The ex-King of the Goblins gave a final minute shove on the spatula, frowned and gave a thumb up.

“At last.” Orn jumped, his aim true, landing on the tip of the spatula, his momentum and weight shoving it down. Nael flew up, straight up, arms stretched to the ceiling. Then, gravity doing what it does best, he started coming down... straight down.

“Gil… he didn’t—”

Nael landed back on his side of the spatula, catapulting Orn up in the air, spinning backwards to land deep in the grey green mulch of the piccalilli. He surfaced gaging on the relish, fighting hard against the stodge and head sized chunks of cauliflower, onion and gherkin. Orn reached the side of the bowl as Gil appeared, hands out to drag him out of the piccalilli.

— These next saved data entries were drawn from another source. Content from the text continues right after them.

text \<open>Averaging the gain against the distribution \<open>p\<close> gives 0, so the gain takes both signs.\<close>
lemma coherent_if_prevision_of_distribution:
  fixes p :: "'j \<Rightarrow> real" and w :: "'j \<Rightarrow> 'w"
  assumes "length mu = length F" "finite J" "\<And>j. j \<in> J \<Longrightarrow> p j \<ge> 0" "sum p J = 1"
    and "w ` J \<subseteq> \<Union> (snd ` set F)"
    and "\<And>k. k < length F \<Longrightarrow>
           (\<Sum>j\<in>J. p j * bet_gain (F ! k) (mu ! k) (w j)) = 0"
  shows "coherent F mu"
  unfolding coherent_iff_gain
proof (rule conjI[OF assms(1)], rule allI)
  fix s
  have "(\<Sum>j\<in>J. p j * gain F mu s (w j))
      = (\<Sum>k<length F. s k * (\<Sum>j\<in>J. p j * bet_gain (F ! k) (mu ! k) (w j)))"
    unfolding gain_def sum_distrib_left by (subst sum.swap) (simp add: ac_simps)
  also have "\<dots> = 0" using assms(6) by simp
  finally have avg: "(\<Sum>j\<in>J. p j * gain F mu s (w j)) = 0" .
  have avg_neg: "(\<Sum>j\<in>J. p j * - gain F mu s (w j)) = 0" using avg by (simp add: sum_negf)
  obtain j where "j \<in> J" "gain F mu s (w j) \<le> 0"
    using convex_combination_zero_signs[OF assms(2-4) avg] by blast
  moreover obtain i where "i \<in> J" "0 \<le> gain F mu s (w i)"
    using convex_combination_zero_signs[OF assms(2-4) avg_neg] by auto
  ultimately show "(\<exists>v\<in>\<Union> (snd ` set F). gain F mu s v \<le> 0) \<and>
                  (\<exists>v\<in>\<Union> (snd ` set F). 0 \<le> gain F mu s v)"
    using assms(5) by blast
qed

lemma conditioning_union_familyF:
  "\<Union> (snd ` set (familyF E1 E2 E3 H1 H2 H3 x1 x2 x3)) = H1 \<union> H2 \<union> H3"
  by (auto simp: familyF_def cond_event_def conj2_def conj3_def)

lemma logically_independent_constituent:
  assumes "logically_independent [E1, E2, E3, H1, H2, H3]"
  obtains w where "w \<in> E1 \<longleftrightarrow> e1" "w \<in> E2 \<longleftrightarrow> e2" "w \<in> E3 \<longleftrightarrow> e3"
    "w \<in> H1" "w \<in> H2" "w \<in> H3"
proof -
  obtain w where w: "\<forall>i < length [E1, E2, E3, H1, H2, H3].
          (w \<in> [E1, E2, E3, H1, H2, H3] ! i) = [e1, e2, e3, True, True, True] ! i"
    using assms unfolding logically_independent_def by blast
  show thesis
    using that w[rule_format, of 0] w[rule_format, of 1] w[rule_format, of 2]
      w[rule_format, of 3] w[rule_format, of 4] w[rule_format, of 5]
    by simp
qed

lemma gain_familyF:
  "gain (familyF E1 E2 E3 H1 H2 H3 x1 x2 x3) [m1, m2, m3, m12, m13, m23, m123] s w =
     s 0 * bet_gain (cond_event E1 H1) m1 w + s 1 * bet_gain (cond_event E2 H2) m2 w
     + s 2 * bet_gain (cond_event E3 H3) m3 w
     + s 3 * bet_gain (conj2 E1 H1 E2 H2 x1 x2) m12 w
     + s 4 * bet_gain (conj2 E1 H1 E3 H3 x1 x3) m13 w
     + s 5 * bet_gain (conj2 E2 H2 E3 H3 x2 x3) m23 w
     + s 6 * bet_gain (conj3 E1 H1 E2 H2 E3 H3 x1 x2 x3 (TL2 x1 x2) (TL2 x1 x3) (TL2 x2 x3)) m123 w"
  by (simp add: gain_def familyF_def eval_nat_numeral)

lemma gain_inclusion_exclusion_lower_bound:
  fixes x1 x2 x3 :: real
  assumes "w \<in> H1 \<union> H2 \<union> H3" "x1 \<in> {0..1}" "x2 \<in> {0..1}" "x3 \<in> {0..1}"
    and "x1 + x2 > 1" "x1 + x3 > 1" "x2 + x3 > 1"
  shows "gain (familyF E1 E2 E3 H1 H2 H3 x1 x2 x3) (assessM x1 x2 x3)
           (\<lambda>k. [-1, -1, -1, 1, 1, 1, -1] ! k) w \<ge> 2 - x1 - x2 - x3"
proof -
  have tl: "TL2 x1 x2 = x1 + x2 - 1" "TL2 x1 x3 = x1 + x3 - 1" "TL2 x2 x3 = x2 + x3 - 1"
    using assms(5-7) by (simp_all add: TL2_def)
  have "TL3 x1 x2 x3 \<ge> 0" by (simp add: TL3_def)
  with assms(1-4) show ?thesis
    unfolding assessM_def gain_familyF tl
    by (cases "w \<in> E1"; cases "w \<in> E2"; cases "w \<in> E3"; cases "w \<in> H1"; cases "w \<in> H2"; cases "w \<in> H3")
      (simp_all add: bet_gain_def cond_event_def conj2_def conj3_def)
qed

He slumped onto the table with a splat covered in the stuff.

“You stink, Orn,” said Nael.

Orn patted his waist, trying to find a pouch, any pouch that wasn’t sodden. He gave up and flung a gobbet of piccalilli the barbarian’s way. It missed.

“My best robes, Gil. Ruined.”

“What you on about, Orn? You stole those after your others were ruined when that flatulent cow exploded.”

“Yes, and whose fault was that?”

“I didn’t know,” said Nael. “No one’s ever told me that you’re not meant to have a flame by a cow’s backside.”

“I give up,” said Orn.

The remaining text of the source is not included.